Task brief
If a line in the following entries holds the string "that", include it in the tally. State the total and nothing further.

•••

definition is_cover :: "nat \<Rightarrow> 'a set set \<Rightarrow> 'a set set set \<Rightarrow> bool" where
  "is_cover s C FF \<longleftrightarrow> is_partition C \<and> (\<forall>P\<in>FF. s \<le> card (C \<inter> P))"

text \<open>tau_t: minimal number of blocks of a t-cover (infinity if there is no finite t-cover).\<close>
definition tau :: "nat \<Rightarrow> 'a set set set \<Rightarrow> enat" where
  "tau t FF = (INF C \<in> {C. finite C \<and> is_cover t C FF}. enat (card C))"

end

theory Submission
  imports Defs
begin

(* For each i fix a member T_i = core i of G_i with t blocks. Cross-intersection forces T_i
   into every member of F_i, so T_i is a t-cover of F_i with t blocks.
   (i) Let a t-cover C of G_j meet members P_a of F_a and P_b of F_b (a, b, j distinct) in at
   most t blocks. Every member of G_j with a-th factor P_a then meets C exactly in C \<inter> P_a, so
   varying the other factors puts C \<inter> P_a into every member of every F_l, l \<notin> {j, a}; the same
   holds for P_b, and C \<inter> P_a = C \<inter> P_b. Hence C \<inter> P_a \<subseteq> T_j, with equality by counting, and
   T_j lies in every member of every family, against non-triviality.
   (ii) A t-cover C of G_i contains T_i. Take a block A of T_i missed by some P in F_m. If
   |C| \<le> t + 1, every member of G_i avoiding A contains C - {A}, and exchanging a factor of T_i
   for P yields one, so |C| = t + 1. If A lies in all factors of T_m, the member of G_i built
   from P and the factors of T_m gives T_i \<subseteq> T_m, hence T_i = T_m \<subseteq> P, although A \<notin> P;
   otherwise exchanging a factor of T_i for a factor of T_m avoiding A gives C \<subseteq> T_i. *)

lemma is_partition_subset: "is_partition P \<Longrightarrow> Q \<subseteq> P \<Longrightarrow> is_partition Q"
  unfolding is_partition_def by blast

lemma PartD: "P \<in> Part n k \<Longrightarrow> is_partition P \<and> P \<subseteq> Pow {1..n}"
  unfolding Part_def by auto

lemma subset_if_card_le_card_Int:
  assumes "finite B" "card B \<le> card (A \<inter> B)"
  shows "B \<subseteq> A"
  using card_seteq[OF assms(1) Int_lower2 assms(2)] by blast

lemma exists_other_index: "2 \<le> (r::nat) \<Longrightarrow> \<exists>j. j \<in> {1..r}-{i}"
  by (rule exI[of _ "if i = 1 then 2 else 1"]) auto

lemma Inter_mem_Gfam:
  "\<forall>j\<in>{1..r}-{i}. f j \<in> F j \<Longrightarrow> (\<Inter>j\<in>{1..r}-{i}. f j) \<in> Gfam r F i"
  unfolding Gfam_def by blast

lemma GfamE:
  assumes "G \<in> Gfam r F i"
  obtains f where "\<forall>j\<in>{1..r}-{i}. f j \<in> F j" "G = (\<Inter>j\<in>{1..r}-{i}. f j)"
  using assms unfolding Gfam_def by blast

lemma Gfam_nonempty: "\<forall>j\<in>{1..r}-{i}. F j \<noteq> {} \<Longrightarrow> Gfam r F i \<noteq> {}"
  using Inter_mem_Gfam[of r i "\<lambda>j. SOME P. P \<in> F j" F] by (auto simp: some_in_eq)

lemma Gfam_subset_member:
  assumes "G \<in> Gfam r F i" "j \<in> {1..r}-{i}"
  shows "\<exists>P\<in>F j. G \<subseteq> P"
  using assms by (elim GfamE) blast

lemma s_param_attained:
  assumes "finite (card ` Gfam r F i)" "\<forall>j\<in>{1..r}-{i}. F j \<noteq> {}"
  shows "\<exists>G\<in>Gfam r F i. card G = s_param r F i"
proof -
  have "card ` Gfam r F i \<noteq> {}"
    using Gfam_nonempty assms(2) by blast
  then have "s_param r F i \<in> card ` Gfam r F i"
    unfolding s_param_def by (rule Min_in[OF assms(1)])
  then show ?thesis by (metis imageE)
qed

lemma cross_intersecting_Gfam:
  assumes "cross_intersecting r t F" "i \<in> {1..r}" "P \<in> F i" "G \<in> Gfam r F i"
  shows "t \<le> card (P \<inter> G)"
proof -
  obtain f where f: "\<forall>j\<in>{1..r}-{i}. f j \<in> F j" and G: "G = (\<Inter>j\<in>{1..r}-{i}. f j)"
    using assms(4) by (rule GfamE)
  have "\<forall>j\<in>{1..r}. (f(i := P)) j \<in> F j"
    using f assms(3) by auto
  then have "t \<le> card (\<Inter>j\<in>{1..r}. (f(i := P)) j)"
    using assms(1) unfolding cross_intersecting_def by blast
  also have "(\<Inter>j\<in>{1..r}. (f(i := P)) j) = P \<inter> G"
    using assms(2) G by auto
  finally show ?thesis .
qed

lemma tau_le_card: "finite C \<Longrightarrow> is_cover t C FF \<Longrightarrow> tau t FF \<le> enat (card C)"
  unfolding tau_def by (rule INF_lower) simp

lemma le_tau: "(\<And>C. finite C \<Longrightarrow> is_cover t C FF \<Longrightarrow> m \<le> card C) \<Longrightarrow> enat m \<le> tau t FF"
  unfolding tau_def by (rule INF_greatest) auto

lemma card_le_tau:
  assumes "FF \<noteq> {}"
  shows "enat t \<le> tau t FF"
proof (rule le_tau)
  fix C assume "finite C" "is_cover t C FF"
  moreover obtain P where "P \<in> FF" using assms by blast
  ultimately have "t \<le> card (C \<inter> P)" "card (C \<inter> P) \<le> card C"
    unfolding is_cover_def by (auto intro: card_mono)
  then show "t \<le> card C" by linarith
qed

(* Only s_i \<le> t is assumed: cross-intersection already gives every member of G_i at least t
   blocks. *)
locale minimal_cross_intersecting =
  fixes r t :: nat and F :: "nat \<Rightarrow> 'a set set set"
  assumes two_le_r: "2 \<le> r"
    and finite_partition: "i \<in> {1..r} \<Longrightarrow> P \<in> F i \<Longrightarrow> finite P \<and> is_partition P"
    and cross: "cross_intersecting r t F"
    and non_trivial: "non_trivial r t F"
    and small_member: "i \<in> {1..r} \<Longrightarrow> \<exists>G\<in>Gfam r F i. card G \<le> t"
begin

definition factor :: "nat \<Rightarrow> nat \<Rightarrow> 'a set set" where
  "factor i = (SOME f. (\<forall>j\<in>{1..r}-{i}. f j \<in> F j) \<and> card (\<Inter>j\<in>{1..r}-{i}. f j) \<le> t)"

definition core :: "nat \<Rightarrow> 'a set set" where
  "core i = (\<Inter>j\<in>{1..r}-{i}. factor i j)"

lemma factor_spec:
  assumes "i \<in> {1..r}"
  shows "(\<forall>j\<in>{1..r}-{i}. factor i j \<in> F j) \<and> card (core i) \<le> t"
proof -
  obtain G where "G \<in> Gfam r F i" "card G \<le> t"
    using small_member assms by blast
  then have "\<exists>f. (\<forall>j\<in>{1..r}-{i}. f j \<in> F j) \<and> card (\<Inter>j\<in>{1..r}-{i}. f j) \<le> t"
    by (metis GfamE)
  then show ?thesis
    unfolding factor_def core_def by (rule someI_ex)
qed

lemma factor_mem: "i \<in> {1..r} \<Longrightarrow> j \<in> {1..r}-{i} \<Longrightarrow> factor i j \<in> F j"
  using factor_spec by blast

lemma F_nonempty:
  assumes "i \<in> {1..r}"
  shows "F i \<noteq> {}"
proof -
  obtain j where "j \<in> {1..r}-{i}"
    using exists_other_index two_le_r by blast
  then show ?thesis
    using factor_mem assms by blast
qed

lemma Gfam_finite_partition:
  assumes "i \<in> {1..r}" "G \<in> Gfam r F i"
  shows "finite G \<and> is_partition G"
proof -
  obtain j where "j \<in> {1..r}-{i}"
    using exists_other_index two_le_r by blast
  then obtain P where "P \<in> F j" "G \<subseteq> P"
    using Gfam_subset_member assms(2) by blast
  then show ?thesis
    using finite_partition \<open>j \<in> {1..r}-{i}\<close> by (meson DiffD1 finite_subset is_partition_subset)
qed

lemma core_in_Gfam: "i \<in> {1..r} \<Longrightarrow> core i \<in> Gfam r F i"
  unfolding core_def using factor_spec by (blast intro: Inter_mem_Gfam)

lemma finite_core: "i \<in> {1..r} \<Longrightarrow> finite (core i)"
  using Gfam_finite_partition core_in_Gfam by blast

•••

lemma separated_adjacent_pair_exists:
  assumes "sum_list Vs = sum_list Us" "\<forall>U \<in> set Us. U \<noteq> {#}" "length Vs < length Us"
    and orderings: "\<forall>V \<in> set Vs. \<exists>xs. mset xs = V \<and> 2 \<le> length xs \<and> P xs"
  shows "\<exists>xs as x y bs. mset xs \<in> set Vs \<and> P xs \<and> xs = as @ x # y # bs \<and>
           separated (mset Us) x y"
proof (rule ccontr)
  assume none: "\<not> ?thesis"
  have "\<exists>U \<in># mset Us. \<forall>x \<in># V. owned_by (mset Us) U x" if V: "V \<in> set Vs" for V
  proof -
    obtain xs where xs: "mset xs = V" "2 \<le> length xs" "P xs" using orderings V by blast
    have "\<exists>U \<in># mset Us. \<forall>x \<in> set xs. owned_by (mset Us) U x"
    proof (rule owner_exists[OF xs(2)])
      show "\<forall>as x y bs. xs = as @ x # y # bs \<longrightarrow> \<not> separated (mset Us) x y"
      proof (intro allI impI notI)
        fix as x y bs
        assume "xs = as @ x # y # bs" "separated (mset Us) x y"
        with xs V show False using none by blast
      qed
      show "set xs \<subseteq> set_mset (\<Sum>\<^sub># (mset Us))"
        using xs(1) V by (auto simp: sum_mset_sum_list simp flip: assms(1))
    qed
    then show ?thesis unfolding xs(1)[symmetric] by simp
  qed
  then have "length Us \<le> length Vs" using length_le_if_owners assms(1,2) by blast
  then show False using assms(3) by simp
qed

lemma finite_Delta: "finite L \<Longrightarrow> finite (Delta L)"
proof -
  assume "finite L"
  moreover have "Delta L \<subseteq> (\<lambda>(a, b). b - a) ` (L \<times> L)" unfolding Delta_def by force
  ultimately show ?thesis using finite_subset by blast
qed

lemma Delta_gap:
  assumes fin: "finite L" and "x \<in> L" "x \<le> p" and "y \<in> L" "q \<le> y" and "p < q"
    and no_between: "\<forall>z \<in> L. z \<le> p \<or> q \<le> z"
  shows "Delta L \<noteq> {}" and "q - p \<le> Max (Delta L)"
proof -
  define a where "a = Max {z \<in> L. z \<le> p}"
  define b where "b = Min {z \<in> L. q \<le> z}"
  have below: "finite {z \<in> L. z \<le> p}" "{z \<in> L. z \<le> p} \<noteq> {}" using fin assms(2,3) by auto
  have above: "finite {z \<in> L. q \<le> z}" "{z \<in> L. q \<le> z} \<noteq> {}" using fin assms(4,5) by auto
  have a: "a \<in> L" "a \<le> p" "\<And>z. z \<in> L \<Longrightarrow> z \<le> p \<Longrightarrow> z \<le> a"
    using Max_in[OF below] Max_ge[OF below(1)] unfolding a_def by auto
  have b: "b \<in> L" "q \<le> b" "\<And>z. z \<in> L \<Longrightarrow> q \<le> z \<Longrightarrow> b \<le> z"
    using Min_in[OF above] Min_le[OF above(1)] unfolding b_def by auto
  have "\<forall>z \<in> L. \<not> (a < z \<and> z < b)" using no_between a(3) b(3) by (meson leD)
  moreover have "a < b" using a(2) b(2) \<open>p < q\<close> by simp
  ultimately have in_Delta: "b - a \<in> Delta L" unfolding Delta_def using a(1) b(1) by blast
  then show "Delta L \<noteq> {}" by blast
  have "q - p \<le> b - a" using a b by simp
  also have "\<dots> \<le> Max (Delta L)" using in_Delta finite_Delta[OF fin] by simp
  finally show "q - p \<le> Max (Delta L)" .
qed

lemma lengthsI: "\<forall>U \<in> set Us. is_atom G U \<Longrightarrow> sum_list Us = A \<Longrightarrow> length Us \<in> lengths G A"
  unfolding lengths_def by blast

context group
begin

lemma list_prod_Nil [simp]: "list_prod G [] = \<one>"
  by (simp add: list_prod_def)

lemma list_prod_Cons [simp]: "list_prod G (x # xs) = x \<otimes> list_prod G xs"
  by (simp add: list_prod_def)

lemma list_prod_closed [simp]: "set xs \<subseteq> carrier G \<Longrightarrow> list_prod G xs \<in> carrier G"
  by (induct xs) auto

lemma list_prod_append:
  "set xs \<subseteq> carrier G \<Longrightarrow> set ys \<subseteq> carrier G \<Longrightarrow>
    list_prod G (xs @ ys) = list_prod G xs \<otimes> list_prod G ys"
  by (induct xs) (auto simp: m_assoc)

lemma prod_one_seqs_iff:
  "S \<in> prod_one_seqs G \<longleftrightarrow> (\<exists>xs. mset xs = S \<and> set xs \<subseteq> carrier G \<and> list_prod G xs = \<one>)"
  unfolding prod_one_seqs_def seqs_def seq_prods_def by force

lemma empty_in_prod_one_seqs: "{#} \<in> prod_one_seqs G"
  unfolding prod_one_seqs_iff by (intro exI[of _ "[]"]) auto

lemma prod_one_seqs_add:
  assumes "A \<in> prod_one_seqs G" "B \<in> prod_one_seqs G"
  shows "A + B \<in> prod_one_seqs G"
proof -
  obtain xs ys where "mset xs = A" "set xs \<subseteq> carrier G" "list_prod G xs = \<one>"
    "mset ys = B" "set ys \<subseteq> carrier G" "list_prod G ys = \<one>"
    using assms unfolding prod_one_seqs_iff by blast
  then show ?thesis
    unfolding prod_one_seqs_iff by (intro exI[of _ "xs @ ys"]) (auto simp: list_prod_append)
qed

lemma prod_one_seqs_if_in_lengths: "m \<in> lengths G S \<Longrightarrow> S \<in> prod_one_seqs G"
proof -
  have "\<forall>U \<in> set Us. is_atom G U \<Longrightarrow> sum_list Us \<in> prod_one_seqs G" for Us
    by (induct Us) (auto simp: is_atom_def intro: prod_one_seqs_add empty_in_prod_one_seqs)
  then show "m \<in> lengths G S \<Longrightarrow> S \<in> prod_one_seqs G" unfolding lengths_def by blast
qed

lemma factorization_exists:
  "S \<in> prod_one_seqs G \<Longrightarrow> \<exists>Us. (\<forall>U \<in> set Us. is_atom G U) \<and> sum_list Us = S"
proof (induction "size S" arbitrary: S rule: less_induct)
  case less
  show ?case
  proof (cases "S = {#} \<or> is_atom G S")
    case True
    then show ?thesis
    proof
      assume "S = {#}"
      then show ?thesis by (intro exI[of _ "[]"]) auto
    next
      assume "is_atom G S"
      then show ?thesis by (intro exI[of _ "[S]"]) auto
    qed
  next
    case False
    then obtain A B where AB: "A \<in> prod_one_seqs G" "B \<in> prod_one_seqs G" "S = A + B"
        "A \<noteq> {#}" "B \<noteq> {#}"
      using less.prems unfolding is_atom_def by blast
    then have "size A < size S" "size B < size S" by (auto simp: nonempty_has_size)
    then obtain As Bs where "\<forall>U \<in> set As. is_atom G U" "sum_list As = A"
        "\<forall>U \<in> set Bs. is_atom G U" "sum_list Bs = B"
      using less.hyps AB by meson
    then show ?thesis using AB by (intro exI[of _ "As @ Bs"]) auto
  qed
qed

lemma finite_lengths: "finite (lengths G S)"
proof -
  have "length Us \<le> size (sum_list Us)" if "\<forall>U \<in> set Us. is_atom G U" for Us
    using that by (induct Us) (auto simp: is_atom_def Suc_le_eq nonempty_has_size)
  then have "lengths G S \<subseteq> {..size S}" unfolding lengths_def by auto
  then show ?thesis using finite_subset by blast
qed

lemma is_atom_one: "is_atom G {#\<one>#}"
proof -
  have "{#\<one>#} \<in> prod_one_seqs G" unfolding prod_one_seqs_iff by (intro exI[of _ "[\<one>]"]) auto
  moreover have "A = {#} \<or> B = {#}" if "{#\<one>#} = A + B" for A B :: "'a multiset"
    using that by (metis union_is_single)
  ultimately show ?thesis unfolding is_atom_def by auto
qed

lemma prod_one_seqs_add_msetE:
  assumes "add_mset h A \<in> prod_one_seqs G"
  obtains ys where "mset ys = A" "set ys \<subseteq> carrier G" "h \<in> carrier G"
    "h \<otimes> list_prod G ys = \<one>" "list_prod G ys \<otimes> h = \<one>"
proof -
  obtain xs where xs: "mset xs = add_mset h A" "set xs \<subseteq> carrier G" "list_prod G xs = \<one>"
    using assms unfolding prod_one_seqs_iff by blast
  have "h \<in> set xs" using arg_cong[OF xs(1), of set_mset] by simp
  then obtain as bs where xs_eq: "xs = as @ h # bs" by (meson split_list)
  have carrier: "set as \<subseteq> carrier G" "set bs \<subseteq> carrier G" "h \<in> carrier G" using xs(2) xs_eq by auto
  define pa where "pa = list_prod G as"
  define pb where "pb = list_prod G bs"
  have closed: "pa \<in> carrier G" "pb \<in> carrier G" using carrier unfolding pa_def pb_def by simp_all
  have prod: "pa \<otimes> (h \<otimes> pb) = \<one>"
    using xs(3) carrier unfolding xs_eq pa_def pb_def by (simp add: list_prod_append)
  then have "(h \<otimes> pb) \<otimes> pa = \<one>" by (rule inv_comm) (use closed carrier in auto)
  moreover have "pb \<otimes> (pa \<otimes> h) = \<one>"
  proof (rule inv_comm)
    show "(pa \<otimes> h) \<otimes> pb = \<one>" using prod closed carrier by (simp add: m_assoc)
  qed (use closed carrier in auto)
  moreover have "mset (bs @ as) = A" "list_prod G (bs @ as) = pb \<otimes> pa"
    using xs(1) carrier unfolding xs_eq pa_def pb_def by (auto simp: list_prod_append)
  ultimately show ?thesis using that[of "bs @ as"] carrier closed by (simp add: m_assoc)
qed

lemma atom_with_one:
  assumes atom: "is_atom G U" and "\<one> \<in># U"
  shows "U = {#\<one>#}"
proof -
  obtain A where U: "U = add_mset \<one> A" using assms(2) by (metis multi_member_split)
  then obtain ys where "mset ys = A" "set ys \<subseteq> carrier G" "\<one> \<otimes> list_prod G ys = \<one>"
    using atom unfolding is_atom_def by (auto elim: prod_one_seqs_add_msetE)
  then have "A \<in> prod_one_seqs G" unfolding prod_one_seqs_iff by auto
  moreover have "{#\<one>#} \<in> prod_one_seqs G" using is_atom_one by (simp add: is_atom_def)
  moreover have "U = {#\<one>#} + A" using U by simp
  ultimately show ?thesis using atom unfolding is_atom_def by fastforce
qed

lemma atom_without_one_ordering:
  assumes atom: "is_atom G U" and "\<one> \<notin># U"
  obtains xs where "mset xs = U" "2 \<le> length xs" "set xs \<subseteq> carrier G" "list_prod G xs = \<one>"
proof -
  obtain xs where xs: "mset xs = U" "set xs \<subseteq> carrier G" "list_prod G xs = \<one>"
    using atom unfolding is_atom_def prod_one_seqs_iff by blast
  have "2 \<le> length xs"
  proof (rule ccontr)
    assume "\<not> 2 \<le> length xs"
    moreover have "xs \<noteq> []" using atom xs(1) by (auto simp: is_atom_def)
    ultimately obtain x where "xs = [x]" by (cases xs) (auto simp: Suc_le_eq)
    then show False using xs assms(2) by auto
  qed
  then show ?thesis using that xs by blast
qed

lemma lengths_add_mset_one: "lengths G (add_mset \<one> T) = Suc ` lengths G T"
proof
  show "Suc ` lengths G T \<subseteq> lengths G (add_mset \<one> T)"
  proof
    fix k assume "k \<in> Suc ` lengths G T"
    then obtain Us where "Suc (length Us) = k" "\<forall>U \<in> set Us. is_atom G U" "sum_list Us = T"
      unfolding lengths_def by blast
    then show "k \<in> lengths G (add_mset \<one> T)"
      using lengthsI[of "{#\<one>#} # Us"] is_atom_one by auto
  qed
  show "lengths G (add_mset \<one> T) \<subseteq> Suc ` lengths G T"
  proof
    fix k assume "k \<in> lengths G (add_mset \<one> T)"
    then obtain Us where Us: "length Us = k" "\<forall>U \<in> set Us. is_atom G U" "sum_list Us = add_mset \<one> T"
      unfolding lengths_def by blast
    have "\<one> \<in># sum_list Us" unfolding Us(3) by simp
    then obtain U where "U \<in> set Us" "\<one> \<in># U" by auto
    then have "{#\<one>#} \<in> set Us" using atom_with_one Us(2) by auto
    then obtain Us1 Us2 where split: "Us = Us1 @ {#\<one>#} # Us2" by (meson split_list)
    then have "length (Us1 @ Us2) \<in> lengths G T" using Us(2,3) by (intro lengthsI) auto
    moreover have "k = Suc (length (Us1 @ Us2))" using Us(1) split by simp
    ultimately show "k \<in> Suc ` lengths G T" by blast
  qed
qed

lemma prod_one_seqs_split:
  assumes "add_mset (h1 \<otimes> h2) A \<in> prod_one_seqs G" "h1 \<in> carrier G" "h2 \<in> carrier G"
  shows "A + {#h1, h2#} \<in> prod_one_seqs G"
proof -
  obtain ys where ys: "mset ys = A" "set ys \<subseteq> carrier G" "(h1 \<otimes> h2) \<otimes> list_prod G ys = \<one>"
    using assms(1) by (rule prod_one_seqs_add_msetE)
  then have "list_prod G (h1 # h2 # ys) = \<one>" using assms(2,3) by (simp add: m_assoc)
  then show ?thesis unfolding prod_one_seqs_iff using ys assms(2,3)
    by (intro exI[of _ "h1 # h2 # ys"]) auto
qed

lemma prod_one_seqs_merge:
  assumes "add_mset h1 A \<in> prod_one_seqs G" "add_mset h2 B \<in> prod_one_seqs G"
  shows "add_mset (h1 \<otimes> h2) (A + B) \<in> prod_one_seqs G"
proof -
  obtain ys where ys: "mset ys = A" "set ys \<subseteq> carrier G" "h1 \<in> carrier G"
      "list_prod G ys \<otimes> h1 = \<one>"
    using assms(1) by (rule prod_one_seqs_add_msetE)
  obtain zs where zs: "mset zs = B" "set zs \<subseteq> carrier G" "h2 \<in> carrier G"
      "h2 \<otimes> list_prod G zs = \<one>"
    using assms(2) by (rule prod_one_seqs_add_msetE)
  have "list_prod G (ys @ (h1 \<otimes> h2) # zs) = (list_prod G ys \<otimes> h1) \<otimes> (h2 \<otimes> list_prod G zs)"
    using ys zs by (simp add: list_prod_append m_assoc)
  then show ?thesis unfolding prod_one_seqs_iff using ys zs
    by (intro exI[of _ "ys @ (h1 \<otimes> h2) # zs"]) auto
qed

•••

Task result
4